About this exercise: Output the full set of records exactly.

Source data:
________

definition unit_integrals :: "(real \<Rightarrow> real) \<Rightarrow> nat \<Rightarrow> real" where
  "unit_integrals g n = integral {real n..real n + 1} g"

lemma integral_real_nat_eq_sum_unit_integrals:
  assumes "continuous_on {0..} g"
  shows "integral {0..real N} g = (\<Sum>k<N. unit_integrals g k)"
proof (induction N)
  case (Suc N)
  have "integral {0..real (Suc N)} g = integral {0..real N} g + integral {real N..real (Suc N)} g"
    by (rule integral_Icc_split[OF assms order.refl]) auto
  with Suc show ?case by (simp add: unit_integrals_def add.commute)
qed simp

lemma tendsto_over_n_if_cesaro_mean_tendsto:
  assumes "cesaro_mean z \<longlonglongrightarrow> r"
  shows "(\<lambda>n. z n / real n) \<longlonglongrightarrow> 0"
proof -
  have "(\<lambda>n. cesaro_mean z (Suc n) * (real (Suc n) / real n) - cesaro_mean z n) \<longlonglongrightarrow> r * 1 - r"
    by (intro tendsto_intros LIMSEQ_Suc[OF assms] assms LIMSEQ_Suc_n_over_n)
  moreover have "cesaro_mean z (Suc n) * (real (Suc n) / real n) - cesaro_mean z n = z n / real n" for n
  proof -
    have "cesaro_mean z (Suc n) * (real (Suc n) / real n) = (\<Sum>k<Suc n. z k) / real n"
      by (simp add: cesaro_mean_def del: of_nat_Suc sum.lessThan_Suc)
    then show ?thesis by (simp add: cesaro_mean_def add_divide_distrib)
  qed
  ultimately show ?thesis by simp
qed

lemma filterlim_nat_floor_at_top: "filterlim (\<lambda>t::real. nat \<lfloor>t\<rfloor>) sequentially at_top"
  by (rule filterlim_compose[OF filterlim_nat_sequentially filterlim_floor_sequentially])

________

Output:
definition unit_integrals :: "(real \<Rightarrow> real) \<Rightarrow> nat \<Rightarrow> real" where
  "unit_integrals g n = integral {real n..real n + 1} g"

lemma integral_real_nat_eq_sum_unit_integrals:
  assumes "continuous_on {0..} g"
  shows "integral {0..real N} g = (\<Sum>k<N. unit_integrals g k)"
proof (induction N)
  case (Suc N)
  have "integral {0..real (Suc N)} g = integral {0..real N} g + integral {real N..real (Suc N)} g"
    by (rule integral_Icc_split[OF assms order.refl]) auto
  with Suc show ?case by (simp add: unit_integrals_def add.commute)
qed simp

lemma tendsto_over_n_if_cesaro_mean_tendsto:
  assumes "cesaro_mean z \<longlonglongrightarrow> r"
  shows "(\<lambda>n. z n / real n) \<longlonglongrightarrow> 0"
proof -
  have "(\<lambda>n. cesaro_mean z (Suc n) * (real (Suc n) / real n) - cesaro_mean z n) \<longlonglongrightarrow> r * 1 - r"
    by (intro tendsto_intros LIMSEQ_Suc[OF assms] assms LIMSEQ_Suc_n_over_n)
  moreover have "cesaro_mean z (Suc n) * (real (Suc n) / real n) - cesaro_mean z n = z n / real n" for n
  proof -
    have "cesaro_mean z (Suc n) * (real (Suc n) / real n) = (\<Sum>k<Suc n. z k) / real n"
      by (simp add: cesaro_mean_def del: of_nat_Suc sum.lessThan_Suc)
    then show ?thesis by (simp add: cesaro_mean_def add_divide_distrib)
  qed
  ultimately show ?thesis by simp
qed

lemma filterlim_nat_floor_at_top: "filterlim (\<lambda>t::real. nat \<lfloor>t\<rfloor>) sequentially at_top"
  by (rule filterlim_compose[OF filterlim_nat_sequentially filterlim_floor_sequentially])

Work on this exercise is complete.